With my poor little girl being sick, naps have been thrown out of whack a fair bit. The first part of this month, she had got herself into a pretty reliable one-nap-per-day routine. She was waking around 6 or 6:30, napping from say 11:30 until 1pm, and then going to sleep for the night around 8pm. That suited me great, as I could snuggle, watch a video with Thomas and Andrew and get to sleep early. Now things are all over the place but I totally understand and know that things will settle down when she is feeling better.

Nursing is still going great (well, except for the thrush, but that will be under control very soon - it had better be because my left breast feels like it has been run over by a bus!!). Especially when she is ill, I am so glad that we are still nursing, and I love seeing her enjoyment of it, and seeing her continue to grow and thrive. I think she had actually had a bit of a growth spurt lately, but when she was weighed at the hospital the other day it only said a couple of ounces more than she was two months ago. I'm guessing that was because she was dehydrated though, because generally she is looking bigger and she is definitely taller as she can now ride the little car thing that my parents bought her at Christmas. Earlier when she tried to sit on it her feet wouldn't reach the floor. LOL!
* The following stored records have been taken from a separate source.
(* int_from0 0 is the junk value 0 (Gamma 0 = 0 in HOL), whence the case distinction. *)
lemma
  fixes \<alpha> :: real
  assumes \<alpha>: "\<alpha> > -1" and r: "r > 0" and \<psi>: "powr_holomorphic r \<alpha> \<psi>"
  shows powr_holomorphic_int_from0:
      "powr_holomorphic r (\<alpha> + real (Suc k)) (int_from0 (Suc k) \<psi>)"
    and has_field_derivative_int_from0:
      "z \<in> slit_ball r \<Longrightarrow>
         (int_from0 (Suc k) \<psi> has_field_derivative (if k = 0 then \<psi> z else int_from0 k \<psi> z)) (at z)"
proof -
  obtain H where H: "H holomorphic_on ball 0 r"
    "\<And>z. z \<in> slit_ball r \<Longrightarrow> \<psi> z = z powr of_real \<alpha> * H z"
    using \<psi> unfolding powr_holomorphic_def by blast
  obtain P where P0: "\<And>w. P 0 w = w powr of_real \<alpha> * H w"
    and P_class: "\<And>j. powr_holomorphic r (\<alpha> + real j) (P j)"
    and P': "\<And>j w. w \<in> slit_ball r \<Longrightarrow> (P (Suc j) has_field_derivative P j w) (at w)"
    and P_at_0: "\<And>j. j \<ge> 1 \<Longrightarrow> isCont (P j) 0 \<and> P j 0 = 0"
    using powr_iterated_primitives[OF \<alpha> H(1) r] by blast
  have int_eq: "int_from0 (Suc j) \<psi> z = P (Suc j) z" if "z \<in> slit_ball r" for j z
    using linepath_0_in_slit_ball[OF that] P' P_at_0 H(2) P0
    by (intro int_from0_iterated_primitive[where S = "slit_ball r"]) auto
  show "powr_holomorphic r (\<alpha> + real (Suc k)) (int_from0 (Suc k) \<psi>)"
    using powr_holomorphic_cong[OF P_class] int_eq by metis
  assume z: "z \<in> slit_ball r"
  have "P k z = (if k = 0 then \<psi> z else int_from0 k \<psi> z)"
    using z H(2) P0 int_eq[of z "k - 1"] by (cases k) auto
  with P'[OF z, of k] have "(P (Suc k) has_field_derivative (if k = 0 then \<psi> z else int_from0 k \<psi> z)) (at z)"
    by simp
  then show "(int_from0 (Suc k) \<psi> has_field_derivative (if k = 0 then \<psi> z else int_from0 k \<psi> z)) (at z)"
    by (rule has_field_derivative_transform_within_open[OF _ open_slit_ball z]) (use int_eq in auto)
qed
KatelynEven despite all the illness, there have been many light and enjoyable moments this month. Katelyn is such a delight and she has a real sense of humour too. She will deliberately do things to get a laugh! One such "trick" is what we call "doing sumo". She literally looks like a sumo wrestler ready to begin the fight, with her feet apart, knees bent, hands on her thighs, and rocking from foot to foot. It is hilarious! I have no idea WHY she started doing it, but we can now say "do sumo" and she does! She can also identify parts of her body: nose, mouth, tongue (she loves saying "aahhhh" too - must have seen me checking Thomas's tonsils one too many times. LOL!), hands, feet, tummy.. By far her favourite activity (well, apart from nursing!), is being read to. I am guessing that I probably read at least 30 books to her each day (some repeats of her favourites such as "Moo, Baa, La La La" of course). She will choose a book, bring it to me, then turns to face away and reverses into my lap. We joke that she needs a beeper! She loves it when Thomas reads to her too, and occasionally will even do this for five minutes while I cut up some veggies or fold some washing.

Climbing is settling down a bit thank goodness! In a few months I think I will be able to put the play yard away, and for now I've removed one panel as a transition. We still sit in there for stories and playtime but I'm no longer quite so worried about her being elsewhere in the house with me. She seems to have lost the urge to climb so much and when she does is getting more sensible about getting down. Phew!
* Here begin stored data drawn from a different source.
text \<open>The use of item \<open>j\<close> in period \<open>t\<close> is covered by \<open>e j t\<close>, which counts against both
  supplies, plus at most \<open>\<alpha> j t\<close> of extra supply that counts against neither; \<open>\<beta> j\<close> is extra
  overall supply of \<open>j\<close>.\<close>

definition relaxed_feasible ::
  "('j \<Rightarrow> 't \<Rightarrow> real) \<Rightarrow> ('j \<Rightarrow> real) \<Rightarrow> ('j \<Rightarrow> 't \<Rightarrow> real) \<Rightarrow> ('j \<Rightarrow> real) \<Rightarrow>
   ('b::finite \<Rightarrow> 'j \<Rightarrow> 't::finite \<Rightarrow> real) \<Rightarrow> ('j \<Rightarrow> 't \<Rightarrow> real) \<Rightarrow> bool" where
  "relaxed_feasible sp s \<alpha> \<beta> x e \<longleftrightarrow>
     (\<forall>i j t. 0 \<le> x i j t) \<and>
     (\<forall>j t. 0 \<le> e j t \<and> e j t \<le> sp j t \<and> allocated x j t \<le> e j t + \<alpha> j t) \<and>
     (\<forall>j. (\<Sum>t\<in>UNIV. e j t) \<le> s j + \<beta> j)"

lemma allocated_nonneg: "feasible sp s x \<Longrightarrow> 0 \<le> allocated x j t"
  by (auto simp: feasible_iff_allocated allocated_def intro: sum_nonneg)

lemma relaxed_feasible_if_feasible:
  assumes "feasible sp s x"
  shows "relaxed_feasible sp s (\<lambda>_ _. 0) (\<lambda>j. (\<Sum>t\<in>UNIV. allocated x j t) - s j) x (allocated x)"
  using assms allocated_nonneg[OF assms] by (auto simp: relaxed_feasible_def feasible_iff_allocated)

lemma relaxed_feasible_shift:
  assumes "relaxed_feasible sp s \<alpha> \<beta> x e" "0 \<le> e j t + r" "e j t + r \<le> sp j t"
  shows "relaxed_feasible sp s (\<lambda>j' t'. \<alpha> j' t' - (if j' = j \<and> t' = t then r else 0))
    (\<lambda>j'. \<beta> j' + (if j' = j then r else 0)) x (\<lambda>j' t'. e j' t' + (if j' = j \<and> t' = t then r else 0))"
  using assms by (auto simp: relaxed_feasible_def sum.distrib)

lemma relaxed_feasible_mono:
  assumes "relaxed_feasible sp s \<alpha> \<beta> x e" "\<And>j t. \<alpha> j t \<le> \<alpha>' j t" "\<And>j. \<beta> j \<le> \<beta>' j"
  shows "relaxed_feasible sp s \<alpha>' \<beta>' x e"
  using assms unfolding relaxed_feasible_def by (meson add_left_mono order_trans)

lemma feasible_if_relaxed_feasible:
  assumes "relaxed_feasible sp s \<alpha> \<beta> x e" "\<And>j t. \<alpha> j t \<le> 0" "\<And>j. \<beta> j \<le> 0"
  shows "feasible sp s x"
proof -
  have "relaxed_feasible sp s (\<lambda>_ _. 0) (\<lambda>_. 0) x e"
    using assms by (rule relaxed_feasible_mono)
  then have "\<forall>i j t. 0 \<le> x i j t" and "allocated x j t \<le> e j t" "e j t \<le> sp j t"
    and "(\<Sum>t\<in>UNIV. e j t) \<le> s j" for j t
    unfolding relaxed_feasible_def by simp_all
  then show ?thesis
    unfolding feasible_iff_allocated by (meson order_trans sum_mono)
qed

lemma relaxed_feasible_convex:
  assumes rf: "relaxed_feasible sp s \<alpha> \<beta> x e" and rf': "relaxed_feasible sp s \<alpha>' \<beta>' x' e'"
    and "0 \<le> \<theta>" "\<theta> \<le> 1"
  shows "relaxed_feasible sp s (\<lambda>j t. (1 - \<theta>) * \<alpha> j t + \<theta> * \<alpha>' j t) (\<lambda>j. (1 - \<theta>) * \<beta> j + \<theta> * \<beta>' j)
    (\<lambda>i j t. (1 - \<theta>) * x i j t + \<theta> * x' i j t) (\<lambda>j t. (1 - \<theta>) * e j t + \<theta> * e' j t)"
proof -
  have mix_le: "(1 - \<theta>) * a + \<theta> * a' \<le> (1 - \<theta>) * b + \<theta> * b'" if "a \<le> b" "a' \<le> b'" for a a' b b' :: real
    using that \<open>0 \<le> \<theta>\<close> \<open>\<theta> \<le> 1\<close> by (intro add_mono mult_left_mono) auto
  have mix_nonneg: "0 \<le> (1 - \<theta>) * a + \<theta> * a'" if "0 \<le> a" "0 \<le> a'" for a a' :: real
    using mix_le[OF that] by simp
  have alloc: "allocated (\<lambda>i j t. (1 - \<theta>) * x i j t + \<theta> * x' i j t) j t
      = (1 - \<theta>) * allocated x j t + \<theta> * allocated x' j t" for j t
    by (simp add: allocated_def sum.distrib sum_distrib_left)
  have total: "(\<Sum>t\<in>UNIV. (1 - \<theta>) * e j t + \<theta> * e' j t)
      = (1 - \<theta>) * (\<Sum>t\<in>UNIV. e j t) + \<theta> * (\<Sum>t\<in>UNIV. e' j t)" for j
    by (simp add: sum.distrib sum_distrib_left)
  show ?thesis
    unfolding relaxed_feasible_def alloc total
  proof (intro conjI allI)
    fix i j t
    show "0 \<le> (1 - \<theta>) * x i j t + \<theta> * x' i j t" "0 \<le> (1 - \<theta>) * e j t + \<theta> * e' j t"
      using rf rf' by (simp_all add: relaxed_feasible_def mix_nonneg)
    show "(1 - \<theta>) * e j t + \<theta> * e' j t \<le> sp j t"
      using rf rf' mix_le[of "e j t" "sp j t" "e' j t" "sp j t"]
      by (simp add: relaxed_feasible_def algebra_simps)
    show "(1 - \<theta>) * allocated x j t + \<theta> * allocated x' j t
        \<le> (1 - \<theta>) * e j t + \<theta> * e' j t + ((1 - \<theta>) * \<alpha> j t + \<theta> * \<alpha>' j t)"
      using rf rf' mix_le[of "allocated x j t" "e j t + \<alpha> j t" "allocated x' j t" "e' j t + \<alpha>' j t"]
      by (simp add: relaxed_feasible_def algebra_simps)
    show "(1 - \<theta>) * (\<Sum>t\<in>UNIV. e j t) + \<theta> * (\<Sum>t\<in>UNIV. e' j t) \<le> s j + ((1 - \<theta>) * \<beta> j + \<theta> * \<beta>' j)"
      using rf rf' mix_le[of "\<Sum>t\<in>UNIV. e j t" "s j + \<beta> j" "\<Sum>t\<in>UNIV. e' j t" "s j + \<beta>' j"]
      by (simp add: relaxed_feasible_def algebra_simps)
  qed
qed

lemma feasible_convex:
  assumes x: "feasible sp s x" and y: "feasible sp s y" and "0 \<le> \<theta>" "\<theta> \<le> 1"
  shows "feasible sp s (\<lambda>i j t. (1 - \<theta>) * x i j t + \<theta> * y i j t)"
  using relaxed_feasible_convex[OF relaxed_feasible_if_feasible[OF x] relaxed_feasible_if_feasible[OF y]
      \<open>0 \<le> \<theta>\<close> \<open>\<theta> \<le> 1\<close>]
proof (rule feasible_if_relaxed_feasible)
  fix j
  show "(1 - \<theta>) * ((\<Sum>t\<in>UNIV. allocated x j t) - s j) + \<theta> * ((\<Sum>t\<in>UNIV. allocated y j t) - s j) \<le> 0"
    using x y \<open>0 \<le> \<theta>\<close> \<open>\<theta> \<le> 1\<close>
    by (intro add_nonpos_nonpos mult_nonneg_nonpos) (auto simp: feasible_iff_allocated)
qed simp

definition improvable ::
  "('b::finite \<Rightarrow> 'j::finite \<Rightarrow> real) \<Rightarrow> ('b \<Rightarrow> 't::finite \<Rightarrow> real) \<Rightarrow>
   ('j \<Rightarrow> 't \<Rightarrow> real) \<Rightarrow> ('j \<Rightarrow> real) \<Rightarrow> ('b \<Rightarrow> 'j \<Rightarrow> 't \<Rightarrow> real) \<Rightarrow> real \<Rightarrow> bool" where
  "improvable v d sp s x c \<longleftrightarrow>
     (\<exists>y. feasible sp s y \<and> improving_step c (utility_vector v d x) (utility_vector v d y))"

lemma elementary_improvement_if_improvable:
  assumes "feasible sp s x" "improvable v d sp s x c"
  shows "\<exists>z. feasible sp s z \<and> elementary_improvement (utility_vector v d x) (utility_vector v d z)"
proof -
  obtain y where "feasible sp s y" "improving_step c (utility_vector v d x) (utility_vector v d y)"
    using assms(2) unfolding improvable_def by blast
  then obtain \<theta> where "0 < \<theta>" "\<theta> \<le> 1"
    and "elementary_improvement (utility_vector v d x)
      (\<lambda>p. (1 - \<theta>) * utility_vector v d x p + \<theta> * utility_vector v d y p)"
    using elementary_improvement_if_improving_step by blast
  then show ?thesis
    using feasible_convex[OF assms(1) \<open>feasible sp s y\<close>] 
    by (intro exI[of _ "\<lambda>i j t. (1 - \<theta>) * x i j t + \<theta> * y i j t"]) (simp add: utility_vector_convex)
qed

lemma not_improvable_if_leximin_optimal:
  assumes "leximin_optimal v d sp s x"
  shows "\<not> improvable v d sp s x c"
proof
  assume "improvable v d sp s x c"
  then obtain z where "feasible sp s z" "elementary_improvement (utility_vector v d x) (utility_vector v d z)"
    using elementary_improvement_if_improvable assms unfolding leximin_optimal_def by blast
  then show False
    using assms leximin_greater_if_elementary_improvement
    unfolding leximin_optimal_def utility_vector_def by blast
qed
This month has been a tough one in many ways. In other ways I am kind of glad for the wake up call that got my priorities back on track. I am still stressed and anxious, but have gone from worrying about unimportant things to things that ARE really important! The health and happiness of my family is what really matters. Perhaps my thoughts have also been shaken up somewhat by the thought that if little Nicholas were here it would have been his second birthday today. I still miss him, will always, always love him and think of him, and no doubt one day I will get to hold him in my arms. In the meantime, I am going to draw on all my personal resources to be the best mother I can be to the children that I do have here with me on earth.